Справа был маленький пруд, в нем отраженно качался у берега искристый круг фонаря, на середине загорались и гасли отдаленные звезды ракет, а под обрывом, в густо-темной недвижной воде собрались целые плоты из кленовых и каштановых листьев, и дуло пронизывающим холодком от этого уже нелетнего пруда.
— Мальчишки, снайпер… черт знает что! — проговорила Валя и неожиданно повернулась к нему, взялась за борта шинели, коснулась губами его щеки. — Ты знаешь… я тебя сегодня особенно люблю.
25
В двенадцать часов дня капитан Мельниченко начал обход дивизиона и только в половине второго спустился в офицерскую раздевалку, надел шинель, вышел в главный вестибюль.
Стоял солнечный день в предвременье мороза.
Был час обеденного перерыва, затихший во время занятий училищный корпус наполнялся жизнью: зазвучали голоса в кубриках батарей, застилались папиросным дымом курилки, в комнату оружия несли буссоли, прицелы, артиллерийские круги, планшеты, а на дворе, возле гаража, натруженно ревели моторы; курсанты, вернувшиеся с полевых учений, отцепляли орудия от машин, вкатывали их в автопарк. По этажам пронеслась команда дежурного по дивизиону:
— Приготовиться к обеду!
Мельниченко стоял в главном вестибюле, пропуская мимо себя огневые взводы, отвечая то и дело на приветствия, — ждал, пока пройдет весь дивизион.

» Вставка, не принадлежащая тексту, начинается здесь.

(* Let $n>2$ and $0<\epsilon<\frac{1}{n(n+1)}$. For $1\le i\le n-1$, let player $i$ have the uniform probability measure on the interval $(\frac in-\epsilon,\frac in+\epsilon)$ as valuation, and let player $n$ have the uniform (Lebesgue) valuation on $[0,1]$. Then: (a) in every envy-free complete connected division, all cut points lie in $\{\frac in: 1\le i\le n-1\}$ (each piece is of the form $(\frac{j-1}{n},\frac jn)$), player $n$ has utility exactly $\frac1n$, and each player $i\le n-1$ has utility exactly $\frac12$; (b) the partial division giving player $n$ the interval $(0,\frac1n)$, player 1 the interval $(\frac1n,\frac2n-2\epsilon)$, and each player $2\le i\le n-1$ the interval $\big(i(\frac1n-\epsilon),(i+1)(\frac1n-\epsilon)\big)$, and discarding the rest, is envy-free, gives player $n$ utility $\frac1n$, player 1 utility $\frac12$, and each player $2\le i\le n-1$ utility $1$.
   Context: A (connected) division for players $1,\dots,n$ of the cake $[0,1]$ is a sequence $(X_1,\dots,X_n)$ of pairwise disjoint open intervals (possibly empty), $X_i$ being player $i$'s piece; it is complete if the union of the closures of the $X_i$ equals $[0,1]$, and partial otherwise. Each player $i$ has a valuation $v_i$, a nonatomic probability measure on $[0,1]$; $u_i(x,j)=v_i(X_j)$. A division is envy-free if $u_i(x,i)\ge u_i(x,j)$ for all $i,j$. *)

theory Defs
  imports "HOL-Analysis.Analysis"
begin

definition is_division :: "nat \<Rightarrow> (nat \<Rightarrow> real set) \<Rightarrow> bool" where
  "is_division n X \<longleftrightarrow>
     (\<forall>i\<in>{1..n}. (\<exists>a b. X i = {a<..<b}) \<and> X i \<subseteq> {0..1}) \<and>
     (\<forall>i\<in>{1..n}. \<forall>j\<in>{1..n}. i \<noteq> j \<longrightarrow> X i \<inter> X j = {})"

definition is_complete :: "nat \<Rightarrow> (nat \<Rightarrow> real set) \<Rightarrow> bool" where
  "is_complete n X \<longleftrightarrow> (\<Union>i\<in>{1..n}. closure (X i)) = {0..1}"

definition valuation :: "nat \<Rightarrow> real \<Rightarrow> nat \<Rightarrow> real measure" where
  "valuation n eps i = uniform_measure lborel
     (if i = n then {0..1} else {real i / real n - eps <..< real i / real n + eps})"

definition util :: "nat \<Rightarrow> real \<Rightarrow> nat \<Rightarrow> real set \<Rightarrow> real" where
  "util n eps i S = measure (valuation n eps i) S"

definition envy_free :: "nat \<Rightarrow> real \<Rightarrow> (nat \<Rightarrow> real set) \<Rightarrow> bool" where
  "envy_free n eps X \<longleftrightarrow>
     (\<forall>i\<in>{1..n}. \<forall>j\<in>{1..n}. util n eps i (X i) \<ge> util n eps i (X j))"

definition example_division :: "nat \<Rightarrow> real \<Rightarrow> nat \<Rightarrow> real set" where
  "example_division n eps i =
     (if i = n then {0<..<1 / real n}
      else if i = 1 then {1 / real n <..< 2 / real n - 2 * eps}
      else {real i * (1 / real n - eps) <..< real (i + 1) * (1 / real n - eps)})"

end

theory Submission
  imports Defs
begin

(* Write h = 1/n.  Player n values a piece by its length, player i < n by
   the fraction of the window (i h - eps, i h + eps) it covers.
   (a) Player n envies nobody, so no piece is longer than X n.  If X n were longer than h,
   it would strictly contain a grid point k h (1 <= k < n) and, being longer than the
   window, would cover strictly more of player k's window than any piece disjoint from it,
   so player k would envy player n.  Hence all pieces have length <= h; completeness forces
   total length >= 1, so every piece has length exactly h.  Disjoint intervals of length h
   inside [0,1], n of them, must be the grid intervals ((j-1)h, jh).  Finally the grid
   point i h lies in the closure of some grid piece, worth 1/2 to player i, so player i
   holds a piece adjacent to i h, i.e. worth exactly 1/2.
   (b) The pieces of the example division lie left to right, end before 1, and the
   utilities are explicit window overlaps. *)

subsection \<open>Lengths and overlaps of open intervals\<close>

definition overlap :: "real \<Rightarrow> real \<Rightarrow> real \<Rightarrow> real \<Rightarrow> real" where
  "overlap a b c d = max 0 (min b d - max a c)"

lemma measure_Ioo: "measure lborel {a<..<(b::real)} = max 0 (b - a)"
  by (cases "a \<le> b") auto

lemma disjoint_Ioo_cases:
  assumes "{a<..<(b::real)} \<inter> {c<..<d} = {}"
  shows "b \<le> a \<or> d \<le> c \<or> b \<le> c \<or> d \<le> a"
proof -
  have "{max a c<..<min b d} = {}" using assms by (metis Int_greaterThanLessThan)
  then have "min b d \<le> max a c" by simp
  then show ?thesis by (auto simp: min_def max_def split: if_splits)
qed

lemma covering_length_ge_1:
  assumes "finite I" "(\<Union>i\<in>I. closure (X i)) = {0..1::real}"
    and "\<forall>i\<in>I. X i = {a i<..<b i}"
  shows "(\<Sum>i\<in>I. measure lborel (X i)) \<ge> 1"
proof -
  have "1 = measure lborel (\<Union>i\<in>I. closure (X i))" using assms(2) by simp
  also have "\<dots> \<le> (\<Sum>i\<in>I. measure lborel (closure (X i)))"
    by (rule measure_UNION_le) (use assms(1) in auto)
  also have "\<dots> = (\<Sum>i\<in>I. measure lborel (X i))"
  proof (rule sum.cong)
    fix i assume "i \<in> I"
    then show "measure lborel (closure (X i)) = measure lborel (X i)"
      using assms(3) by (cases "a i < b i") auto
  qed simp
  finally show ?thesis .
qed

lemma packing_length_le:
  assumes "finite S" "\<forall>j\<in>S. X j = {a j<..<b j} \<and> X j \<subseteq> {u..v::real}"
    and "\<forall>i\<in>S. \<forall>j\<in>S. i \<noteq> j \<longrightarrow> X i \<inter> X j = {}" "u \<le> v"
  shows "(\<Sum>j\<in>S. measure lborel (X j)) \<le> v - u"
proof -
  have "(\<Sum>j\<in>S. measure lborel (X j)) = measure lborel (\<Union>j\<in>S. X j)"
  proof (rule measure_finite_Union[symmetric])
    show "disjoint_family_on X S" using assms(3) by (auto simp: disjoint_family_on_def)
    fix j assume "j \<in> S"
    then show "emeasure lborel (X j) \<noteq> \<infinity>" using assms(2) by (cases "a j \<le> b j") auto
  qed (use assms in auto)
  also have "\<dots> \<le> measure lborel {u..v}"
    by (rule measure_mono_fmeasurable) (use assms in \<open>auto simp: fmeasurable_def\<close>)
  finally show ?thesis using assms(4) by simp
qed

text \<open>An interval longer than a window of width 2 eps and containing its centre m covers
  strictly more of the window than any interval disjoint from it: it covers one half of
  the window and more of the other, while a disjoint interval misses the centre and
  everything on one side of it.\<close>
lemma straddling_interval_wins:
  fixes a b c d m eps :: real
  assumes "eps > 0" "2 * eps < d - c" "c < m" "m < d"
    and "b \<le> a \<or> d \<le> a \<or> b \<le> c"
  shows "overlap a b (m - eps) (m + eps) < overlap c d (m - eps) (m + eps)"
  using assms by (auto simp: overlap_def max_def min_def)

lemma overlap_grid_window:
  fixes i j :: nat and eps h :: real
  assumes "eps > 0" "2 * eps < h"
  shows "overlap ((real j - 1) * h) (real j * h) (real i * h - eps) (real i * h + eps)
     = (if j = i \<or> j = i + 1 then eps else 0)"
proof -
  consider "j + 1 \<le> i" | "j = i" | "j = i + 1" | "i + 2 \<le> j" by linarith
  then show ?thesis
  proof cases
    case 1
    then have "(real j + 1) * h \<le> real i * h" using assms by (intro mult_right_mono) auto
    then show ?thesis using 1 assms by (auto simp: overlap_def max_def min_def algebra_simps)
  next
    case 4
    then have "(real i + 2) * h \<le> real j * h" using assms by (intro mult_right_mono) auto
    then show ?thesis using 4 assms by (auto simp: overlap_def max_def min_def algebra_simps)
  qed (use assms in \<open>auto simp: overlap_def max_def min_def algebra_simps\<close>)
qed

lemma grid_point_inside:
  assumes "n > 0" "0 \<le> c" "d \<le> 1" "d - c > 1 / real n"
  shows "\<exists>k\<in>{1..<n}. c < real k / real n \<and> real k / real n < d"
proof -
  define k where "k = nat \<lfloor>c * real n\<rfloor> + 1"
  have "real k = of_int \<lfloor>c * real n\<rfloor> + 1" using assms(2) by (simp add: k_def)
  then have "c * real n < real k" "real k \<le> c * real n + 1" by linarith+
  then have above: "c < real k / real n" and below: "real k / real n \<le> c + 1 / real n"
    using assms(1) by (simp_all add: field_simps)
  then have below_d: "real k / real n < d" using assms(4) by linarith
  then have "real k / real n < 1" using assms(3) by linarith
  then have "k < n" using assms(1) by (simp add: divide_less_eq)
  moreover have "1 \<le> k" by (simp add: k_def)
  ultimately show ?thesis using above below_d by auto
qed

Вот, стуча сапогами, побежали по лестнице курсанты первого взвода, к которому он относился немного с ревностью, хотя в душе, может быть, никогда не признался бы себе в этом. Вдруг он увидел: бросив в его сторону мимолетный взгляд, от группы курсантов отделился Борис Брянцев; землистого оттенка лицо его дернулось, возле губ обозначились резкие складки, когда он медленной, вялой походкой подошел к Мельниченко, остановился в двух шагах, щелкнув каблуками.
— Товарищ капитан!..
— Да, слушаю вас, Брянцев.
— Разрешите мне обратиться по личному вопросу, товарищ капитан? — бесцветным голосом выговорил Борис и достал из полевой сумки исписанный лист бумаги, протянул его Мельниченко, не глядя в глаза ему.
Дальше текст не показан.